These Wexford brewers are making video games and comics to stand out in the craft beer rat race
As part of our weekly Startup Spotlight series we profile YellowBelly Beer.
WHEN THE LAMBERT brothers started to experiment with brewing in 2009, the craft beer scene wasn’t very noisy. A lot has changed since then.
In 2012, there were 15 microbreweries in Ireland. Last year, that figure was up to 62. The competition is even fiercer on the world stage, which makes standing out from the crowd a tall order.
Some new breweries resort to telling the personal story behind the company to stand out, but Nicky Lambert, co-founder of Wexford-based YellowBelly Beer, opted for something a bit different.
“What we’re trying to do is build an international brand so we see our competitors as being global craft beer breweries like Sierra Nevada, Stone and Founders,” he tells Fora.
“When we started out, people were telling us we needed to be telling a story, so we said we could tell a story about a pub and myself and my brother Simon.
“But you’re not going to want to listen to what we’re doing every other day. So from the start we created the YellowBelly character instead.”
The creation of the character involved the original seven people working on the startup in a writer’s room scenario, cooking up ways to present and use YellowBelly to tell the brewery’s story, Lamberts.
The startup has used YellowBelly in a number of different ways to front the brand, all while the founders operate in the background.
He is the focal point of a three-part comic book series coming out in the next few weeks and is also the star of a video game the company made last year to promote the brand.
“He is an inter-dimensional time traveller, but he has a bit of all of our personalities in him,” Lambert says.
“We can create concepts and storylines around the character and we can do lots of stuff with him. That was the whole idea of having a character to do it rather than the simple story.”
Launched in the middle of last year, YellowBelly Beer isn’t following a normal playbook for setting up a brewery.
Lambert says he was encouraged to use the startup’s Irish roots as a selling point internationally, but it’s not an approach he really wants to take.
“We’re proud of being from Ireland, but we’re not going to make a stout or red ale just because we’re Irish,” he says. “A lot of people expect us to, but that’s what Guinness does. We’re happy to try unique recipes.
“Rather than sticking to a stout or red ale or blonde, we want to try different recipes and keep people engaged in what we do. Being creative is what the craft beer industry is based on.”
So far, the startup has produced three main beers – Citra Pale Ale, Bohemian Lager and Castaway Passionfruit Sour – but it also brews a monthly canned special every month and weekly keg special.
Family business
Although Lambert is relatively new to the brewing game, his family have decades of experience in the drinks business.
His family has owned a pub in the centre of Wexford Town since 1965, which Lambert and his brother took over when his father passed away in 2006.
It was at that point, when the brothers were trying to find ways to improve their pub’s offering, that the idea to brew their own beers came about.

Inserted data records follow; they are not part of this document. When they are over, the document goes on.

lemma quot_mod_iso_if_colon_eq:
  assumes N1: "submodule N1 R M" and gen1: "generates_mod R M N1 N1' g1"
    and N2: "submodule N2 R M" and gen2: "generates_mod R M N2 N2' g2"
    and colon: "colon_submod R M N1 g1 = colon_submod R M N2 g2"
  shows "mod_iso R (quot_mod R (M\<lparr>carrier := N1'\<rparr>) N1) (quot_mod R (M\<lparr>carrier := N2'\<rparr>) N2)"
proof -
  let ?Q1 = "quot_mod R (M\<lparr>carrier := N1'\<rparr>) N1" and ?Q2 = "quot_mod R (M\<lparr>carrier := N2'\<rparr>) N2"
  have g1: "g1 \<in> carrier M" and g2: "g2 \<in> carrier M"
    using gen1 gen2 unfolding generates_mod_def by auto
  note car1 = generates_mod_quot_carrier[OF N1 gen1] and car2 = generates_mod_quot_carrier[OF N2 gen2]
  have key: "N1 +>\<^bsub>M\<^esub> (r \<odot>\<^bsub>M\<^esub> g1) = N1 +>\<^bsub>M\<^esub> (s \<odot>\<^bsub>M\<^esub> g1) \<longleftrightarrow>
      N2 +>\<^bsub>M\<^esub> (r \<odot>\<^bsub>M\<^esub> g2) = N2 +>\<^bsub>M\<^esub> (s \<odot>\<^bsub>M\<^esub> g2)" if "r \<in> carrier R" "s \<in> carrier R" for r s
    using generates_mod_rcos_eq_iff[OF N1 g1 that] generates_mod_rcos_eq_iff[OF N2 g2 that] colon by simp
  obtain f where f: "\<And>r. r \<in> carrier R \<Longrightarrow> f (N1 +>\<^bsub>M\<^esub> (r \<odot>\<^bsub>M\<^esub> g1)) = N2 +>\<^bsub>M\<^esub> (r \<odot>\<^bsub>M\<^esub> g2)"
    using rcos_map_if_colon_eq[OF N1 g1 N2 g2 colon] by blast
  show ?thesis
    unfolding mod_iso_def
  proof (intro exI conjI ballI)
    show "bij_betw f (carrier ?Q1) (carrier ?Q2)"
    proof (rule bij_betw_imageI)
      show "inj_on f (carrier ?Q1)"
      proof (rule inj_onI)
        fix X Y assume "X \<in> carrier ?Q1" "Y \<in> carrier ?Q1" and e: "f X = f Y"
        then obtain r s where "r \<in> carrier R" "X = N1 +>\<^bsub>M\<^esub> (r \<odot>\<^bsub>M\<^esub> g1)"
          "s \<in> carrier R" "Y = N1 +>\<^bsub>M\<^esub> (s \<odot>\<^bsub>M\<^esub> g1)" unfolding car1 by blast
        then show "X = Y" using e f key by simp
      qed
      show "f ` carrier ?Q1 = carrier ?Q2" unfolding car1 car2 using f by blast
    qed
  next
    fix X Y assume "X \<in> carrier ?Q1" "Y \<in> carrier ?Q1"
    then obtain r s where rs: "r \<in> carrier R" "X = N1 +>\<^bsub>M\<^esub> (r \<odot>\<^bsub>M\<^esub> g1)"
      "s \<in> carrier R" "Y = N1 +>\<^bsub>M\<^esub> (s \<odot>\<^bsub>M\<^esub> g1)" unfolding car1 by blast
    have "f (X \<oplus>\<^bsub>?Q1\<^esub> Y) = f (N1 +>\<^bsub>M\<^esub> ((r \<oplus> s) \<odot>\<^bsub>M\<^esub> g1))"
      using rs g1 by (simp add: quot_mod_add rcos_add[OF N1] smult_l_distr)
    also have "\<dots> = f X \<oplus>\<^bsub>?Q2\<^esub> f Y"
      using rs g2 f by (simp add: quot_mod_add rcos_add[OF N2] smult_l_distr)
    finally show "f (X \<oplus>\<^bsub>?Q1\<^esub> Y) = f X \<oplus>\<^bsub>?Q2\<^esub> f Y" .
  next
    fix t X assume t: "t \<in> carrier R" and "X \<in> carrier ?Q1"
    then obtain r where r: "r \<in> carrier R" "X = N1 +>\<^bsub>M\<^esub> (r \<odot>\<^bsub>M\<^esub> g1)" unfolding car1 by blast
    have "f (t \<odot>\<^bsub>?Q1\<^esub> X) = f (N1 +>\<^bsub>M\<^esub> ((t \<otimes> r) \<odot>\<^bsub>M\<^esub> g1))"
      using r t g1 by (simp add: quot_mod_smult rcos_smult_rep[OF N1] smult_assoc1)
    also have "\<dots> = t \<odot>\<^bsub>?Q2\<^esub> f X"
      using r t g2 f by (simp add: quot_mod_smult rcos_smult_rep[OF N2] smult_assoc1)
    finally show "f (t \<odot>\<^bsub>?Q1\<^esub> X) = t \<odot>\<^bsub>?Q2\<^esub> f X" .
  qed
qed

“We took the pub over at the end of the boom so getting money to do it up was very tough. We have had to work within our means. We wanted something to differentiate ourselves. There are 20 pubs in Wexford and every one of them sell the same seven beers.
“We looked at how we could stand out from the pub down the road. So we got into stocking a lot of different world beers. There weren’t many craft breweries about, so we made the decision in and around 2009 to start brewing ourselves.”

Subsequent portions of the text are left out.